Stored data entries
---------------

(* Let $(S,T)$ be an ideally triangulated surface with $\chi(S)<0$, with edge set $E$ and triangle set $F$. Let $l^{(m)}\in\mathbb{R}^E$ ($m\ge 0$) be a sequence such that $\widetilde\Psi(l^{(m)})\to z$ as $m\to\infty$ for some $z\in P(T)$. Then for every corner of every triangle in $F$, the corresponding generalized angles $\theta^{(m)}$ in the metrics $l^{(m)}$ form a bounded sequence; in particular, if $\lim_{m\to\infty}\theta^{(m)}$ exists in $[0,\infty]$, it lies in $[0,\infty)$.
   Context: For $l\in\mathbb{R}^E$, realize each triangle of $T$ as a decorated ideal hyperbolic triangle (ideal triangle with a horodisk at each vertex) whose generalized edge lengths are given by $l$; here the generalized angle at a vertex is twice the length of the horocyclic arc inside the triangle, and the generalized length of an edge is the distance between the horodisks at its ends if they are disjoint and minus the distance between the points where the two horocycles meet the edge otherwise. (The lengths determine the angles via $\frac{e^{l_i}}{2}=\frac{2}{\theta_j\theta_k}$, with $\theta_i$ the angle opposite the edge of length $l_i$.) In a triangle with angles $\theta_i,\theta_j,\theta_k$, the radius invariant at the edge opposite $\theta_i$ is $\frac12(\theta_j+\theta_k-\theta_i)$. Define $\widetilde\Psi(l)(e)=r_f(e)+r_{f'}(e)$, where $f,f'$ are the two triangles adjacent to $e$ and $r_f(e),r_{f'}(e)$ are the radius invariants at $e$ in them. An edge cycle is a sequence $(e_1,t_1,\dots,e_k,t_k)$ of edges and triangles such that, with $e_{k+1}=e_1$, $e_i$ and $e_{i+1}$ are two distinct edges of $t_i$ for each $i$. $P(T)=\{z\in\mathbb{R}^E:\sum_{i=1}^k z(e_i)>0$ for every edge cycle $(e_1,t_1,\dots,e_k,t_k)\}$. *)

theory Defs
  imports "HOL-Analysis.Analysis"
begin

text \<open>Combinatorial model of an ideally triangulated (oriented) surface via sides
 (half-tri_edges). H is the finite set of sides of triangles; nxt cyclically permutes the
 three sides of each triangle; glue is the gluing involution pairing sides into tri_edges.\<close>

definition ideal_triangulation :: "'h set \<Rightarrow> ('h \<Rightarrow> 'h) \<Rightarrow> ('h \<Rightarrow> 'h) \<Rightarrow> bool" where
  "ideal_triangulation H nxt glue \<longleftrightarrow>
     finite H \<and> nxt ` H \<subseteq> H \<and> glue ` H \<subseteq> H \<and>
     (\<forall>h\<in>H. nxt h \<noteq> h \<and> nxt (nxt (nxt h)) = h \<and> glue h \<noteq> h \<and> glue (glue h) = h) \<and>
     (\<forall>h\<in>H. \<forall>h'\<in>H. (h, h') \<in> ({(x, nxt x) | x. x \<in> H} \<union> {(x, glue x) | x. x \<in> H})\<^sup>*)"

definition side_edge :: "('h \<Rightarrow> 'h) \<Rightarrow> 'h \<Rightarrow> 'h set" where
  "side_edge glue h = {h, glue h}"

definition side_tri :: "('h \<Rightarrow> 'h) \<Rightarrow> 'h \<Rightarrow> 'h set" where
  "side_tri nxt h = {h, nxt h, nxt (nxt h)}"

definition tri_edges :: "'h set \<Rightarrow> ('h \<Rightarrow> 'h) \<Rightarrow> 'h set set" where
  "tri_edges H glue = side_edge glue ` H"

definition triangles :: "'h set \<Rightarrow> ('h \<Rightarrow> 'h) \<Rightarrow> 'h set set" where
  "triangles H nxt = side_tri nxt ` H"

text \<open>Euler characteristic of the punctured surface S (ideal vertices removed): |F| - |E|.\<close>
definition euler_char :: "'h set \<Rightarrow> ('h \<Rightarrow> 'h) \<Rightarrow> ('h \<Rightarrow> 'h) \<Rightarrow> int" where
  "euler_char H nxt glue = int (card (triangles H nxt)) - int (card (tri_edges H glue))"

text \<open>Generalized angle at the corner opposite side h, for edge lengths l \<in> R^E.
 With l_i the length of side h and l_j, l_k those of the other two sides, the relations
 e^{l_i}/2 = 2/(theta_j theta_k) (and cyclic) have the unique positive solution
 theta_i = 2 exp((l_i - l_j - l_k)/2).\<close>
definition gangle :: "('h \<Rightarrow> 'h) \<Rightarrow> ('h \<Rightarrow> 'h) \<Rightarrow> ('h set \<Rightarrow> real) \<Rightarrow> 'h \<Rightarrow> real" where
  "gangle nxt glue l h =
     2 * exp ((l (side_edge glue h) - l (side_edge glue (nxt h)) - l (side_edge glue (nxt (nxt h)))) / 2)"

lemma gangle_relation:
  "exp (l (side_edge glue h)) / 2 =
     2 / (gangle nxt glue l (nxt h) * gangle nxt glue l (nxt (nxt h)))"
  if "nxt (nxt (nxt h)) = h"
  using that unfolding gangle_def
  by (simp add: exp_add[symmetric] exp_diff[symmetric] field_simps exp_minus)

definition radius_inv :: "('h \<Rightarrow> 'h) \<Rightarrow> ('h \<Rightarrow> 'h) \<Rightarrow> ('h set \<Rightarrow> real) \<Rightarrow> 'h \<Rightarrow> real" where
  "radius_inv nxt glue l h =
     (gangle nxt glue l (nxt h) + gangle nxt glue l (nxt (nxt h)) - gangle nxt glue l h) / 2"

definition Psi :: "('h \<Rightarrow> 'h) \<Rightarrow> ('h \<Rightarrow> 'h) \<Rightarrow> ('h set \<Rightarrow> real) \<Rightarrow> 'h set \<Rightarrow> real" where
  "Psi nxt glue l e = (\<Sum>h\<in>e. radius_inv nxt glue l h)"

definition edge_cycle :: "'h set \<Rightarrow> ('h \<Rightarrow> 'h) \<Rightarrow> ('h \<Rightarrow> 'h) \<Rightarrow> 'h set list \<Rightarrow> 'h set list \<Rightarrow> bool" where
  "edge_cycle H nxt glue es ts \<longleftrightarrow>
     length es = length ts \<and> length es \<ge> 1 \<and>
     set es \<subseteq> tri_edges H glue \<and> set ts \<subseteq> triangles H nxt \<and>
     (\<forall>i < length es.
        es ! i \<in> side_edge glue ` (ts ! i) \<and>
        es ! ((i + 1) mod length es) \<in> side_edge glue ` (ts ! i) \<and>
        es ! i \<noteq> es ! ((i + 1) mod length es))"

definition PT :: "'h set \<Rightarrow> ('h \<Rightarrow> 'h) \<Rightarrow> ('h \<Rightarrow> 'h) \<Rightarrow> ('h set \<Rightarrow> real) set" where
  "PT H nxt glue = {z. \<forall>es ts. edge_cycle H nxt glue es ts \<longrightarrow> (\<Sum>i<length es. z (es ! i)) > 0}"

end

theory Submission
  imports Defs
begin

text \<open>
  Every generalized angle is positive, so each single angle is bounded by
  the total angle of the triangulation.  Summing the radius invariants
  r(h) = (theta(nxt h) + theta(nxt (nxt h)) - theta h) / 2 over all sides h, and using that
  nxt permutes the sides, the total radius invariant equals half the total angle.  Since
  the sides are partitioned into edges {h, glue h}, the total radius invariant is also
  the sum of Psi over all edges.  Hence the total angle equals 2 * sum_e Psi(l) e, which
  converges (to 2 * sum_e z e) and is therefore bounded; this bounds every angle
  uniformly in m, and a bounded real sequence cannot tend to infinity in the extended reals.
\<close>

text \<open>The orbits {a, g a} of an involution g on a finite set A partition A,
  so summing over orbits and then over their elements is summing over the domain.\<close>
lemma sum_over_involution_orbits:
  assumes fin: "finite A" and maps: "g ` A \<subseteq> A" and invol: "\<And>a. a \<in> A \<Longrightarrow> g (g a) = a"
  shows "(\<Sum>C\<in>(\<lambda>a. {a, g a}) ` A. \<Sum>x\<in>C. f x) = (\<Sum>x\<in>A. f x)"
proof -
  let ?Orb = "(\<lambda>a. {a, g a}) ` A"
  have union: "\<Union> ?Orb = A" using maps by auto
  have disjoint: "C \<inter> D = {}" if orbits: "C \<in> ?Orb" "D \<in> ?Orb" and "C \<noteq> D" for C D
  proof -
    obtain a b where ab: "a \<in> A" "b \<in> A" "C = {a, g a}" "D = {b, g b}"
      using orbits by auto
    have "C = D" if "x \<in> C" "x \<in> D" for x
    proof -
      have "b = a \<or> b = g a"
        using that ab invol[OF ab(1)] invol[OF ab(2)] by (metis insert_iff singletonD)
      then show "C = D"
        using ab invol[OF ab(1)] by auto
    qed
    then show ?thesis using \<open>C \<noteq> D\<close> by blast
  qed
  have "sum f (\<Union> ?Orb) = (\<Sum>C\<in>?Orb. sum f C)"
    using sum.Union_disjoint[of ?Orb f] fin disjoint by auto
  then show ?thesis using union by simp
qed

lemma order_three_bij_betw:
  assumes maps: "f ` A \<subseteq> A" and order3: "\<And>a. a \<in> A \<Longrightarrow> f (f (f a)) = a"
  shows "bij_betw f A A"
proof (rule bij_betw_imageI)
  show "inj_on f A"
  proof (rule inj_onI)
    fix a b assume "a \<in> A" "b \<in> A" "f a = f b"
    then show "a = b" using order3[of a] order3[of b] by metis
  qed
  have "a \<in> f ` A" if "a \<in> A" for a
    using maps that order3[OF that] by (metis image_subset_iff rev_image_eqI)
  then show "f ` A = A" using maps by blast
qed

lemma sum_nxt:
  assumes T: "ideal_triangulation H nxt glue"
  shows "(\<Sum>h\<in>H. f (nxt h)) = (\<Sum>h\<in>H. f h)"
proof -
  have "nxt ` H \<subseteq> H" and "\<And>h. h \<in> H \<Longrightarrow> nxt (nxt (nxt h)) = h"
    using T unfolding ideal_triangulation_def by auto
  then have "bij_betw nxt H H" by (rule order_three_bij_betw)
  then show ?thesis by (rule sum.reindex_bij_betw)
qed

lemma sum_edges:
  assumes T: "ideal_triangulation H nxt glue"
  shows "(\<Sum>e\<in>tri_edges H glue. \<Sum>h\<in>e. f h) = (\<Sum>h\<in>H. f h)"
proof -
  have "finite H" and "glue ` H \<subseteq> H" and "\<And>h. h \<in> H \<Longrightarrow> glue (glue h) = h"
    using T unfolding ideal_triangulation_def by auto
  then show ?thesis
    unfolding tri_edges_def side_edge_def by (rule sum_over_involution_orbits)
qed

lemma gangle_pos: "gangle nxt glue l h > 0"
  unfolding gangle_def by simp

lemma total_angle:
  assumes T: "ideal_triangulation H nxt glue"
  shows "(\<Sum>h\<in>H. gangle nxt glue l h) = 2 * (\<Sum>e\<in>tri_edges H glue. Psi nxt glue l e)"
proof -
  let ?g = "gangle nxt glue l"
  have "(\<Sum>e\<in>tri_edges H glue. Psi nxt glue l e) = (\<Sum>h\<in>H. radius_inv nxt glue l h)"
    unfolding Psi_def by (rule sum_edges[OF T])
  also have "\<dots> = ((\<Sum>h\<in>H. ?g (nxt h)) + (\<Sum>h\<in>H. ?g (nxt (nxt h))) - (\<Sum>h\<in>H. ?g h)) / 2"
    unfolding radius_inv_def sum_divide_distrib[symmetric] by (simp add: sum.distrib sum_subtractf)
  also have "\<dots> = (\<Sum>h\<in>H. ?g h) / 2"
    using sum_nxt[OF T, of ?g] sum_nxt[OF T, of "\<lambda>h. ?g (nxt h)"] by simp
  finally show ?thesis by simp
qed

lemma bounded_summand_of_convergent_sum:
  fixes x :: "nat \<Rightarrow> 'i \<Rightarrow> real"
  assumes fin: "finite I" and i: "i \<in> I" and nonneg: "\<And>m j. j \<in> I \<Longrightarrow> x m j \<ge> 0"
    and conv: "(\<lambda>m. \<Sum>j\<in>I. x m j) \<longlonglongrightarrow> s"
  shows "\<exists>B. \<forall>m. \<bar>x m i\<bar> \<le> B"
proof -
  obtain B where B: "\<And>m. \<bar>\<Sum>j\<in>I. x m j\<bar> \<le> B"
    using convergent_imp_bounded[OF conv] unfolding bounded_iff by auto
  have "\<bar>x m i\<bar> \<le> B" for m
  proof -
    have "x m i \<le> (\<Sum>j\<in>I. x m j)"
      using fin i nonneg by (intro member_le_sum) auto
    then show ?thesis using B[of m] nonneg[OF i, of m] by simp
  qed
  then show ?thesis by blast
qed

lemma bounded_not_tendsto_PInfty:
  assumes bound: "\<And>m. \<bar>x m\<bar> \<le> B" and lim: "(\<lambda>m. ereal (x m)) \<longlonglongrightarrow> L"
  shows "L \<noteq> \<infinity>"
proof
  assume "L = \<infinity>"
  with lim have "\<forall>\<^sub>F m in sequentially. ereal (x m) > ereal B"
    by (simp add: tendsto_PInfty)
  then obtain m where "x m > B"
    by (auto simp: eventually_sequentially)
  with bound[of m] show False by simp
qed

theorem lemma2p4:
  fixes H :: "'h set" and nxt glue :: "'h \<Rightarrow> 'h"
    and l :: "nat \<Rightarrow> 'h set \<Rightarrow> real" and z :: "'h set \<Rightarrow> real"
  assumes "ideal_triangulation H nxt glue"
    and "euler_char H nxt glue < 0"
    and "z \<in> PT H nxt glue"
    and "\<forall>e\<in>tri_edges H glue. (\<lambda>m. Psi nxt glue (l m) e) \<longlonglongrightarrow> z e"
  shows "\<forall>h\<in>H. (\<exists>B. \<forall>m. \<bar>gangle nxt glue (l m) h\<bar> \<le> B) \<and>
           (\<forall>L::ereal. (\<lambda>m. ereal (gangle nxt glue (l m) h)) \<longlonglongrightarrow> L \<longrightarrow> L \<noteq> \<infinity>)"
proof
  fix h assume h: "h \<in> H"
  have fin: "finite H" using assms(1) unfolding ideal_triangulation_def by auto
  have "(\<lambda>m. 2 * (\<Sum>e\<in>tri_edges H glue. Psi nxt glue (l m) e))
          \<longlonglongrightarrow> 2 * (\<Sum>e\<in>tri_edges H glue. z e)"
    using assms(4) by (intro tendsto_mult tendsto_const tendsto_sum) auto
  then have "(\<lambda>m. \<Sum>k\<in>H. gangle nxt glue (l m) k) \<longlonglongrightarrow> 2 * (\<Sum>e\<in>tri_edges H glue. z e)"
    by (simp only: total_angle[OF assms(1)])
  then obtain B where bound: "\<And>m. \<bar>gangle nxt glue (l m) h\<bar> \<le> B"
    using bounded_summand_of_convergent_sum[OF fin h, of "\<lambda>m k. gangle nxt glue (l m) k"]
    by (auto intro: less_imp_le gangle_pos)
  then show "(\<exists>B. \<forall>m. \<bar>gangle nxt glue (l m) h\<bar> \<le> B) \<and>
           (\<forall>L::ereal. (\<lambda>m. ereal (gangle nxt glue (l m) h)) \<longlonglongrightarrow> L \<longrightarrow> L \<noteq> \<infinity>)"
    using bounded_not_tendsto_PInfty[of "\<lambda>m. gangle nxt glue (l m) h" B] by auto
qed

end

---------------

Will you return exactly the lines above from the one with "finite H \<and>" down to the one with "h, nxt (nxt", counting both as part of the range?

     finite H \<and> nxt ` H \<subseteq> H \<and> glue ` H \<subseteq> H \<and>
     (\<forall>h\<in>H. nxt h \<noteq> h \<and> nxt (nxt (nxt h)) = h \<and> glue h \<noteq> h \<and> glue (glue h) = h) \<and>
     (\<forall>h\<in>H. \<forall>h'\<in>H. (h, h') \<in> ({(x, nxt x) | x. x \<in> H} \<union> {(x, glue x) | x. x \<in> H})\<^sup>*)"

definition side_edge :: "('h \<Rightarrow> 'h) \<Rightarrow> 'h \<Rightarrow> 'h set" where
  "side_edge glue h = {h, glue h}"

definition side_tri :: "('h \<Rightarrow> 'h) \<Rightarrow> 'h \<Rightarrow> 'h set" where
  "side_tri nxt h = {h, nxt h, nxt (nxt h)}"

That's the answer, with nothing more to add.